Darüber hinaus bestehen enge Kontakte zu den Klangkörpern der Region, darunter die Rheinische Philharmonie Koblenz, die Staatsphilharmonie Rheinland Pfalz, das Mainzer Kammerorchester und natürlich das Orchester des Mainzer Staatstheaters. Aber auch über die Landesgrenzen hinaus ist die Domkantorei ein geschätzter Partner und arbeitete bereits mit dem SWR-Rundfunkorchester, der Philharmonie Südwestfalen und dem Jerusalem Sinfonieorchester zusammen.

Eine rege Konzerttätigkeit im In- und Ausland mit Auftritten in Rom, Prag, Brüssel oder Paris dokumentieren auch das Selbstverständnis als musikalischer Botschafter; so trat die Domkantorei auch schon in Israel und Polen auf. In der laufenden Saison folgt der Chor einer Einladung an die Alte Oper Frankfurt, um dort die 8. Sinfonie von Mahler aufzuführen und wurde von GMD Leon Reiskin eingeladen, im Concertgebouw Amsterdam, in Antwerpen und Mailand mit der Rheinischen Philharmonie Koblenz die Lobgesang-Sinfonie von Mendelssohn aufzuführen.
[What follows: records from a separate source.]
(* Consider the network model, interest-based mobility model and FirstMeeting (FM) routing described in the context, with $\delta=\delta(n)>0$, $\delta(n)\to 0$. Let $T^{ib}_{FM}$ be the time at which the message is first delivered to $D$. Then there exist constants $c,c'>0$ (independent of $n$) such that for all sufficiently large $n$, $$\mathbb{E}[T^{ib}_{FM}] \ge \min\Big\{c\log(1/\delta(n)),\ \frac{c' n}{\log n}\Big\}.$$ In particular $\mathbb{E}[T^{ib}_{FM}]\to\infty$ as $n\to\infty$.
   Context: Network: fix an integer $m\ge 2$ independent of $n$. There are $n+2$ nodes: a source $S$, a destination $D$ and relays $R_1,\dots,R_n$. Each node $X$ has an interest profile, a unit vector in the closed positive orthant of the unit sphere of $\mathbb{R}^m$; $\angle(X,Y)$ denotes the angle between two profiles, so $\cos\angle(X,Y)=\langle X,Y\rangle\in[0,1]$. $S=(1,0,\dots,0)$ and $D=(0,1,0,\dots,0)$. The relay profiles are i.i.d.: the angle $\alpha_i=\angle(S,R_i)$ is uniform on $[0,\pi/2]$, and given $\alpha_i$, $R_i$ is uniform among unit vectors of the positive orthant making angle $\alpha_i$ with $S$. Profiles do not change in time. Conditional on the profiles, for each unordered pair $\{A,B\}$ of nodes the meeting instants of $A$ and $B$ form a Poisson process of rate $\lambda_{AB}$ (so the first meeting time is exponential with rate $\lambda_{AB}$), independently over pairs, starting at time $0$. Interest-based mobility: $\lambda_{AB}=k\cos\angle(A,B)+\delta$, where $\lambda>0$ is a fixed constant, $\delta=\delta(n)>0$ with $\delta(n)\to 0$, and $k=\frac{\pi}{2}(\lambda-\delta)$ (so that $\mathbb{E}[\lambda_{SR_i}]=\lambda$). FM routing: $S$ holds two copies of a message for $D$ and always keeps one. If the first node met by $S$ among $\{D,R_1,\dots,R_n\}$ is $D$, the message is delivered at that time. Otherwise, if it is $R_j$, the second copy is given to $R_j$; no further copies are created or transferred, and the message is delivered when the first of $S,R_j$ meets $D$. Expectations are over both the random profiles and the meeting processes. *)

theory Defs
  imports "HOL-Probability.Probability"
begin
(* For every $n\ge 3$, $\lceil \log_2 n\rceil\le \mathrm{isat}(n,\mathcal{N})\le 2n$.
   Context: $\mathcal{B}_n$ denotes the Boolean lattice $(2^{[n]},\subseteq)$. A family $\mathcal{F}\subseteq 2^{[n]}$ (ordered by inclusion) is induced-$\mathcal{P}$-saturated if it contains no induced copy of $\mathcal{P}$ (an injection $f$ with $u\le v\iff f(u)\subseteq f(v)$) but every family $\mathcal{F}'$ with $\mathcal{F}\subsetneq\mathcal{F}'\subseteq 2^{[n]}$ contains one. $\mathrm{isat}(n,\mathcal{P})$ is the minimum size of an induced-$\mathcal{P}$-saturated family in $\mathcal{B}_n$. $\mathcal{N}$ is the four-element poset on $\{A,B,C,D\}$ whose only strict relations are $A<B$, $C<B$, $C<D$ (so $A\parallel C$, $A\parallel D$, $B\parallel D$). *)

theory Defs
  imports Complex_Main
begin

text \<open>The Boolean lattice B_n is modelled as the power set of [n] = {1..n},
  ordered by inclusion. A family is a set of subsets of {1..n}.\<close>

datatype N_elt = NA | NB | NC | ND

definition N_le :: "N_elt \<Rightarrow> N_elt \<Rightarrow> bool" where
  "N_le u v \<longleftrightarrow> u = v \<or> (u = NA \<and> v = NB) \<or> (u = NC \<and> v = NB) \<or> (u = NC \<and> v = ND)"

definition contains_induced_N :: "'a set set \<Rightarrow> bool" where
  "contains_induced_N F \<longleftrightarrow>
     (\<exists>f :: N_elt \<Rightarrow> 'a set. inj f \<and> (\<forall>u. f u \<in> F) \<and>
        (\<forall>u v. N_le u v \<longleftrightarrow> f u \<subseteq> f v))"

definition induced_N_saturated :: "nat \<Rightarrow> nat set set \<Rightarrow> bool" where
  "induced_N_saturated n F \<longleftrightarrow>
     F \<subseteq> Pow {1..n} \<and> \<not> contains_induced_N F \<and>
     (\<forall>F'. F \<subset> F' \<and> F' \<subseteq> Pow {1..n} \<longrightarrow> contains_induced_N F')"

definition isat_N :: "nat \<Rightarrow> nat" where
  "isat_N n = (LEAST k. \<exists>F. induced_N_saturated n F \<and> card F = k)"

end

theory Submission
  imports Defs
begin
lemma lagrange_interpolation:
  fixes p :: "'a::field poly"
  assumes "inj_on \<xi> {0..d}" "degree p \<le> d"
  shows "p = (\<Sum>k=0..d. smult (poly p (\<xi> k) / (\<Prod>l\<in>{0..d} - {k}. \<xi> k - \<xi> l))
                              (\<Prod>l\<in>{0..d} - {k}. [:- \<xi> l, 1:]))"
    (is "p = ?q")
proof (rule poly_eqI_degree)
  fix x assume "x \<in> \<xi> ` {0..d}"
  then obtain i where i: "i \<in> {0..d}" "x = \<xi> i" by blast
  have "(\<Prod>l\<in>{0..d} - {k}. \<xi> i - \<xi> l) = 0 \<longleftrightarrow> i \<noteq> k" if "k \<in> {0..d}" for k
    using i that assms(1) by (auto simp: prod_zero_iff inj_on_eq_iff)
  then have "poly ?q x = (\<Sum>k=0..d. if k = i then poly p x else 0)"
    unfolding poly_sum i(2) by (intro sum.cong) (auto simp: poly_prod)
  then show "poly p x = poly ?q x"
    using i by simp
next
  have card: "card (\<xi> ` {0..d}) = Suc d"
    using assms(1) by (simp add: card_image)
  then show "degree p < card (\<xi> ` {0..d})"
    using assms(2) by simp
  have "degree (\<Prod>l\<in>{0..d} - {k}. [:- \<xi> l, 1:]) \<le> d" if "k \<in> {0..d}" for k
    using that degree_prod_sum_le[of "{0..d} - {k}" "\<lambda>l. [:- \<xi> l, 1:]"] by simp
  then have "degree ?q \<le> d"
    by (intro degree_sum_le) (auto intro: order_trans[OF degree_smult_le])
  with card show "degree ?q < card (\<xi> ` {0..d})"
    by simp
qed

lemma coeff_eq_sum_Lmat:
  assumes "inj_on \<xi> {0..d}" "degree p \<le> d"
  shows "coeff p j = (\<Sum>k=0..d. Lmat d \<xi> j k * poly p (\<xi> k))"
proof -
  have Lmat_eq: "Lmat d \<xi> j k
      = coeff (\<Prod>l\<in>{0..d} - {k}. [:- \<xi> l, 1:]) j / (\<Prod>l\<in>{0..d} - {k}. \<xi> k - \<xi> l)"
    if "k \<in> {0..d}" for k
    using that prod_delete_entry[of k d "\<lambda>x. [:- x, 1:]" \<xi>]
    by (simp add: Lmat_def acoef_eq_coeff_prod)
  show ?thesis
    by (subst lagrange_interpolation[OF assms])
       (auto simp: coeff_sum Lmat_eq intro!: sum.cong)
qed

lemma sum_Tmat_poly_eq_sum_coeff:
  assumes "inj_on \<xi> {0..d}" "degree p \<le> d"
  shows "(\<Sum>k=0..d. Tmat d \<xi> j k * poly p (\<xi> k))
    = (\<Sum>l=0..d. of_real (Ccoef j l) * coeff p l)"
  unfolding Tmat_def coeff_eq_sum_Lmat[OF assms] sum_distrib_left sum_distrib_right
  by (subst sum.swap) (simp add: mult.assoc)

theorem lemma5p16:
  fixes d :: nat and \<xi> :: "nat \<Rightarrow> complex" and p :: "complex poly"
  assumes "d \<ge> 1"
    and "\<And>j k. j \<le> d \<Longrightarrow> k \<le> d \<Longrightarrow> j \<noteq> k \<Longrightarrow> \<xi> j \<noteq> \<xi> k"
    and "degree p = d"
  shows "cheb_norm p = (\<Sum>j=0..d. cmod (\<Sum>k=0..d. Tmat d \<xi> j k * poly p (\<xi> k)))"
proof -
  have inj: "inj_on \<xi> {0..d}"
    using assms(2) by (meson atLeastAtMost_iff inj_onI)
  have "(\<Sum>k=0..d. Tmat d \<xi> j k * poly p (\<xi> k)) = cheb_coeffs p j" for j
    using sum_Tmat_poly_eq_sum_coeff[OF inj] cheb_coeffs_eq_sum_coeff assms(3)
    by (simp add: atLeast0AtMost)
  then show ?thesis
    using assms(3) by (simp add: cheb_norm_def atLeast0AtMost)
qed

end
(* Let $P$ be a finite abelian $p$-group. Then $\mathrm{Perf}(\mathcal{O}P)\cong \mathrm{Aut}(\mathcal{O}P)\times C_2$.
   Context: $(K,\mathcal{O},k)$ is a $p$-modular system with $k$ algebraically closed of characteristic $p$. For a block $B$, $\mathrm{Perf}(B)$ is the group (under composition) of perfect self-isometries of $B$ in the sense of Broué: isometries $I:\mathbb{Z}\mathrm{Irr}(B)\to\mathbb{Z}\mathrm{Irr}(B)$ whose associated generalized character $\mu(g,h)=\sum_{\chi}I(\chi)(g)\chi(h^{-1})$ is perfect. $\mathrm{Aut}(\mathcal{O}P)$ is the group of $\mathcal{O}$-algebra automorphisms of $\mathcal{O}P$. *)

theory Defs
  imports "HOL-Algebra.Algebra"
begin

text \<open>K is the type 'k (a field of characteristic 0), equipped with a discrete valuation
  v (defined on nonzero elements, surjective onto the integers), complete with respect to v.
  \<O> is its valuation ring, and the residue field k = \<O>/m is algebraically closed of
  characteristic p.\<close>

definition p_modular_system :: "nat \<Rightarrow> ('k::field_char_0 \<Rightarrow> int) \<Rightarrow> 'k set \<Rightarrow> bool" where
  "p_modular_system p v \<O> \<longleftrightarrow>
     Factorial_Ring.prime p \<and>
     (\<forall>x y. x \<noteq> 0 \<longrightarrow> y \<noteq> 0 \<longrightarrow> v (x * y) = v x + v y) \<and>
     (\<forall>x y. x \<noteq> 0 \<longrightarrow> y \<noteq> 0 \<longrightarrow> x + y \<noteq> 0 \<longrightarrow> v (x + y) \<ge> min (v x) (v y)) \<and>
     (\<exists>\<pi>. \<pi> \<noteq> 0 \<and> v \<pi> = 1) \<and>
     \<O> = {x. x = 0 \<or> v x \<ge> 0} \<and>
     (\<forall>(xs :: nat \<Rightarrow> 'k).
        (\<forall>N. \<exists>M. \<forall>m\<ge>M. \<forall>n\<ge>M. xs m = xs n \<or> v (xs m - xs n) \<ge> N) \<longrightarrow>
        (\<exists>L. \<forall>N. \<exists>M. \<forall>n\<ge>M. xs n = L \<or> v (xs n - L) \<ge> N)) \<and>
     v (of_nat p) > 0 \<and>
     (\<forall>(c :: nat \<Rightarrow> 'k) n. n \<ge> 1 \<longrightarrow> (\<forall>i<n. c i \<in> \<O>) \<longrightarrow>
        (\<exists>a\<in>\<O>. let f = a ^ n + (\<Sum>i<n. c i * a ^ i) in f = 0 \<or> v f > 0))"
text \<open>Applied below with y the mean of the next SPPM iterate and v the mean gradient at y, so that
  the error term is the gradient noise controlled by star similarity.\<close>
lemma prox_step_linearized_ineq:
  fixes g :: "'a::euclidean_space \<Rightarrow> real" and x :: 'a
  assumes convex: "convex_on UNIV g" and grad: "\<And>y. (g has_derivative (\<lambda>h. Gr y \<bullet> h)) (at y)"
    and "\<gamma> > 0" and "c > 0" and "\<gamma> * c \<le> 1"
  defines "p \<equiv> prox_step \<gamma> g x"
  shows "(norm (p - x))\<^sup>2 + (norm (p - xs))\<^sup>2 + 2 * \<gamma> * (g y - g xs) + 2 * \<gamma> * (v \<bullet> (p - y))
           \<le> (norm (x - xs))\<^sup>2 + (norm (p - y))\<^sup>2 + \<gamma> / c * (norm (Gr y - v))\<^sup>2"
proof -
  have tangent: "g y + Gr y \<bullet> (p - y) \<le> g p"
    by (rule convex_on_above_derivative[OF convex grad])
  have "2 * ((v - Gr y) \<bullet> (p - y)) \<le> (norm (v - Gr y))\<^sup>2 / c + c * (norm (p - y))\<^sup>2"
    by (rule Young_inner[OF \<open>c > 0\<close>])
  then have "2 * \<gamma> * ((v - Gr y) \<bullet> (p - y)) \<le> \<gamma> / c * (norm (Gr y - v))\<^sup>2 + \<gamma> * c * (norm (p - y))\<^sup>2"
    using \<open>\<gamma> > 0\<close> mult_left_mono[of _ _ \<gamma>] by (fastforce simp: norm_minus_commute algebra_simps)
  also have "\<gamma> * c * (norm (p - y))\<^sup>2 \<le> (norm (p - y))\<^sup>2"
    using \<open>\<gamma> * c \<le> 1\<close> \<open>\<gamma> > 0\<close> \<open>c > 0\<close> by (intro mult_left_le_one_le) auto
  finally have "2 * \<gamma> * ((v - Gr y) \<bullet> (p - y)) \<le> \<gamma> / c * (norm (Gr y - v))\<^sup>2 + (norm (p - y))\<^sup>2"
    by simp
  moreover have "2 * \<gamma> * (g y + Gr y \<bullet> (p - y)) \<le> 2 * \<gamma> * g p"
    using tangent \<open>\<gamma> > 0\<close> by simp
  ultimately show ?thesis
    using prox_step_toward_stationary_point[OF convex grad \<open>\<gamma> > 0\<close>, of x xs]
    by (simp add: p_def inner_diff_left algebra_simps)
qed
Was der Chorleiter an „seiner“ Kantorei schätzt, sind der eigene Klang („Rund, weich und geradezu sinnlich, aber auch transparent und kraftvoll sowie sehr modulationsfähig!“), der durch intensive Stimmbildung stetig weiterentwickelt wird und ein souveränes Miteinander abseits jeder Vereinsmeierei. Die Altersstruktur liegt dabei zwischen 17 und 70 Jahren, wobei laut Breitschaft jeder einzelne an sich selbst hohe Ansprüche stellt und großen Wert auf hochqualifiziertes Musizieren legt: „Alle sind unglaublich engagiert, leistungsfähig und begeistert“.

Gefragt nach besonderen Erinnerungen nennt der Dirigent neben einer Aufführung von Brittens „War Requiem“ in Verdun und Brahms‘ „Deutschem Requiem“ in Israel das Konzert von Händels „Saul“ anlässlich der Wiedereröffnung des Mainzer Staatstheaters im Schatten des Terroranschlags vom 9. September 2001 und die szenische Umsetzung von Mendelssohns „Elias“ 2005: Am Premierenabend verschied Papst Johannes Paul II. und statt zur anschließenden Feier zu gehen, zogen die Sängerinnen und Sängerinnen der Domkantorei in den Dom und stimmten für den beliebten Pontifex den Choral „Wer bis an das Ende beharrt“ an.